[[ Record extracts open ]]

(* Let $q=2^s$, $s\ge1$, let $n$ be odd, and let $C_1,C_2\subseteq\mathbb F_q^n$ be cyclic codes with generating sets $I_1^{(q)},I_2^{(q)}\subseteq\mathbb Z_n$ which form a $q$-ary CSS-$T$ pair (in particular $C_2\subseteq C_1$). For $i=1,2$ let $I_i^{(2)}\subseteq\mathbb Z_n$ be the generating set of the binary cyclic code $\mathrm{tr}(C_i)$ (with respect to the same $\beta$). Then (1) $I_2^{(q)}\subseteq I_1^{(q)}$, and (2) $0\notin I_1^{(2)}+I_1^{(2)}+I_2^{(2)}$ (equivalently, $n\bmod n$ does not lie in this sum).
   Context: A cyclic code $C\subseteq\mathbb F_q^n$ with $\gcd(q,n)=1$ is an ideal of $\mathbb F_q[x]/(x^n-1)$ generated by a polynomial $g(x)\mid x^n-1$. Fix a primitive $n$-th root of unity $\beta$ in an extension of $\mathbb F_q$. The generating set of $C$ is $I=\{i\in\mathbb Z_n: g(\beta^i)\neq 0\}$ (the defining set is its complement). The Minkowski sum of $A,B\subseteq\mathbb Z_n$ is $A+B=\{a+b:a\in A,b\in B\}$. Let $\mathrm{tr}:\mathbb F_q\to\mathbb F_2$, $\mathrm{tr}(x)=\sum_{i=0}^{s-1}x^{2^i}$, applied coordinatewise; $\mathrm{tr}(C)=\{\mathrm{tr}(c):c\in C\}$ (this is a binary cyclic code). Let $\mathcal H=\mathbb C^q$ with orthonormal basis $\{|x\rangle:x\in\mathbb F_q\}$ and $\mathcal H^{\otimes n}$ with basis $|x\rangle=|x_1\rangle\otimes\cdots\otimes|x_n\rangle$, $x\in\mathbb F_q^n$. For $\lambda\in\mathbb F_q$, $T^{(\lambda)}=\sum_{x\in\mathbb F_q}e^{i\pi\,\mathrm{tr}(\lambda x)/4}|x\rangle\langle x|$, where $\mathrm{tr}(\lambda x)\in\{0,1\}$ is regarded as an integer. For $\mathbb F_q$-linear codes $C_2\subseteq C_1\subseteq\mathbb F_q^n$, the CSS code $\mathrm{CSS}(C_1,C_2)\subseteq\mathcal H^{\otimes n}$ is the complex linear span of the states $|w+C_2\rangle=|C_2|^{-1/2}\sum_{c\in C_2}|w+c\rangle$ for $w\in C_1$. The pair $(C_1,C_2)$ is a $q$-ary CSS-$T$ pair if $(T^{(\lambda)})^{\otimes n}$ maps $\mathrm{CSS}(C_1,C_2)$ into itself for every $\lambda\in\mathbb F_q$. *)

theory Defs
  imports Complex_Main "HOL-Computational_Algebra.Polynomial"
begin

text \<open>Words of length n over a field: functions nat => 'a vanishing from index n on
  (coordinates are indexed by 0..n-1, i.e. by Z_n).\<close>
definition words :: "nat \<Rightarrow> (nat \<Rightarrow> 'a::zero) set" where
  "words n = {c. \<forall>i\<ge>n. c i = 0}"

definition poly_of_word :: "nat \<Rightarrow> (nat \<Rightarrow> 'a::comm_ring_1) \<Rightarrow> 'a poly" where
  "poly_of_word n c = (\<Sum>i<n. monom (c i) i)"

definition xn1 :: "nat \<Rightarrow> 'a::comm_ring_1 poly" where
  "xn1 n = monom 1 n - 1"

text \<open>C is the cyclic code of length n over the subfield K of 'a generated by g:
  g has coefficients in K, g divides x^n-1 in K[x], and C is the ideal generated by g
  in K[x]/(x^n-1), viewed as a set of words with entries in K.
  (K = UNIV gives F_q; K = {0,1} gives the prime field F_2 when CARD('a) = 2^s.)\<close>
definition cyclic_code_gen :: "'a::field set \<Rightarrow> nat \<Rightarrow> 'a poly \<Rightarrow> (nat \<Rightarrow> 'a) set \<Rightarrow> bool" where
  "cyclic_code_gen K n g C \<longleftrightarrow>
     set (coeffs g) \<subseteq> K \<and>
     (\<exists>h. set (coeffs h) \<subseteq> K \<and> xn1 n = g * h) \<and>
     C = {c \<in> words n. (\<forall>i. c i \<in> K) \<and>
            (\<exists>f. set (coeffs f) \<subseteq> K \<and> poly_of_word n c = (f * g) mod xn1 n)}"

text \<open>Generating set I = {i in Z_n. g(beta^i) \<noteq> 0}, beta in an extension field 'b of 'a
  via the embedding emb.\<close>
definition gen_set :: "('a::zero \<Rightarrow> 'b::comm_ring_1) \<Rightarrow> 'b \<Rightarrow> nat \<Rightarrow> 'a poly \<Rightarrow> nat set" where
  "gen_set emb \<beta> n g = {i. i < n \<and> poly (map_poly emb g) (\<beta> ^ i) \<noteq> 0}"

text \<open>Absolute trace F_q -> F_2, q = 2^s (values in the prime field {0,1} of 'a).\<close>
definition tr :: "nat \<Rightarrow> 'a::comm_ring_1 \<Rightarrow> 'a" where
  "tr s x = (\<Sum>i<s. x ^ (2 ^ i))"

definition trace_code :: "nat \<Rightarrow> (nat \<Rightarrow> 'a::comm_ring_1) set \<Rightarrow> (nat \<Rightarrow> 'a) set" where
  "trace_code s C = (\<lambda>c. \<lambda>i. tr s (c i)) ` C"

definition tr_int :: "nat \<Rightarrow> 'a::comm_ring_1 \<Rightarrow> int" where
  "tr_int s x = (if tr s x = 0 then 0 else 1)"

text \<open>States of H^{\<otimes> n}: functions from words to complex amplitudes
  (the coefficient of |x>).\<close>
type_synonym 'a state = "(nat \<Rightarrow> 'a) \<Rightarrow> complex"

text \<open>(T^(lambda))^{\<otimes> n}: diagonal, |x> \<mapsto> prod_j exp(i pi tr(lambda x_j)/4) |x>.\<close>
definition T_op :: "nat \<Rightarrow> nat \<Rightarrow> 'a::comm_ring_1 \<Rightarrow> 'a state \<Rightarrow> 'a state" where
  "T_op s n lam \<psi> = (\<lambda>x. (\<Prod>j<n. exp (\<i> * of_real pi * of_int (tr_int s (lam * x j)) / 4)) * \<psi> x)"

definition coset_state :: "(nat \<Rightarrow> 'a::ab_group_add) set \<Rightarrow> (nat \<Rightarrow> 'a) \<Rightarrow> 'a state" where
  "coset_state C2 w = (\<lambda>x. complex_of_real (1 / sqrt (real (card C2))) *
                           (\<Sum>c\<in>C2. if x = (\<lambda>i. w i + c i) then 1 else 0))"

definition cspan :: "'a state set \<Rightarrow> 'a state set" where
  "cspan S = {\<psi>. \<exists>F a. finite F \<and> F \<subseteq> S \<and> \<psi> = (\<lambda>x. \<Sum>v\<in>F. a v * v x)}"

definition CSS :: "(nat \<Rightarrow> 'a::ab_group_add) set \<Rightarrow> (nat \<Rightarrow> 'a) set \<Rightarrow> 'a state set" where
  "CSS C1 C2 = cspan (coset_state C2 ` C1)"

definition css_t_pair :: "nat \<Rightarrow> nat \<Rightarrow> (nat \<Rightarrow> 'a::comm_ring_1) set \<Rightarrow> (nat \<Rightarrow> 'a) set \<Rightarrow> bool" where
  "css_t_pair s n C1 C2 \<longleftrightarrow> C2 \<subseteq> C1 \<and>
     (\<forall>lam. \<forall>\<psi>\<in>CSS C1 C2. T_op s n lam \<psi> \<in> CSS C1 C2)"

end

theory Submission
  imports
    Defs
    "HOL-Number_Theory.Residues"
    "HOL-Analysis.Complex_Transcendental"
    "Jordan_Normal_Form.Char_Poly"
begin

text \<open>
  (1) Reduced modulo \<open>x\<^sup>n - 1\<close>, the generator \<open>g\<^sub>2\<close> is a codeword of \<open>C\<^sub>2 \<subseteq> C\<^sub>1\<close>, hence a
  multiple of \<open>g\<^sub>1\<close> modulo \<open>x\<^sup>n - 1\<close>; evaluating at the roots \<open>\<beta>\<^sup>i\<close> of \<open>x\<^sup>n - 1\<close> shows that
  \<open>g\<^sub>1(\<beta>\<^sup>i) \<noteq> 0\<close> wherever \<open>g\<^sub>2(\<beta>\<^sup>i) \<noteq> 0\<close>.

  (2) The CSS-T condition for \<open>\<lambda> = 1\<close>, tested on coset states, shows that the weights of
  \<open>tr(w + c)\<close> and \<open>tr(w)\<close> agree modulo 8 for \<open>w \<in> C\<^sub>1\<close>, \<open>c \<in> C\<^sub>2\<close>. For binary words this
  forces \<open>\<Sum>\<^sub>j x\<^sub>j y\<^sub>j z\<^sub>j = 0\<close> whenever \<open>x, y \<in> tr(C\<^sub>1)\<close> and \<open>z \<in> tr(C\<^sub>2)\<close>. Applied to the
  cyclic shifts of \<open>h\<^sub>1, h\<^sub>1, h\<^sub>2\<close> and combined by the discrete Fourier transform over \<open>\<beta>\<close>,
  this becomes \<open>n h\<^sub>1(\<beta>\<^sup>a) h\<^sub>1(\<beta>\<^sup>b) h\<^sub>2(\<beta>\<^sup>c) = 0\<close> whenever \<open>a + b + c \<equiv> 0 (mod n)\<close>, and
  \<open>n = 1\<close> in characteristic 2.
\<close>

(* Char_Poly provides the locales field_hom and map_poly_idom_hom; it also loads HOL-Algebra,
   whose coeff and monom would otherwise shadow those of polynomials. *)
hide_const (open) UnivPoly.coeff UnivPoly.monom

lemma CHAR_eq_2_of_card:
  assumes "card (UNIV :: 'a::{field,finite} set) = 2 ^ s"
  shows "CHAR('a) = 2"
proof -
  have "prime CHAR('a)" by (simp add: prime_CHAR_semidom finite_imp_CHAR_pos)
  moreover have "CHAR('a) dvd 2 ^ s" using CHAR_dvd_CARD[where 'a='a] assms by simp
  ultimately show ?thesis using prime_dvd_power primes_dvd_imp_eq two_is_prime_nat by blast
qed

[[ Record extracts closed ]]

#### [Problem requirements]
Which lines of the data include "using"? Copy each of them.

#### [Solved problem]
  moreover have "CHAR('a) dvd 2 ^ s" using CHAR_dvd_CARD[where 'a='a] assms by simp
  ultimately show ?thesis using prime_dvd_power primes_dvd_imp_eq two_is_prime_nat by blast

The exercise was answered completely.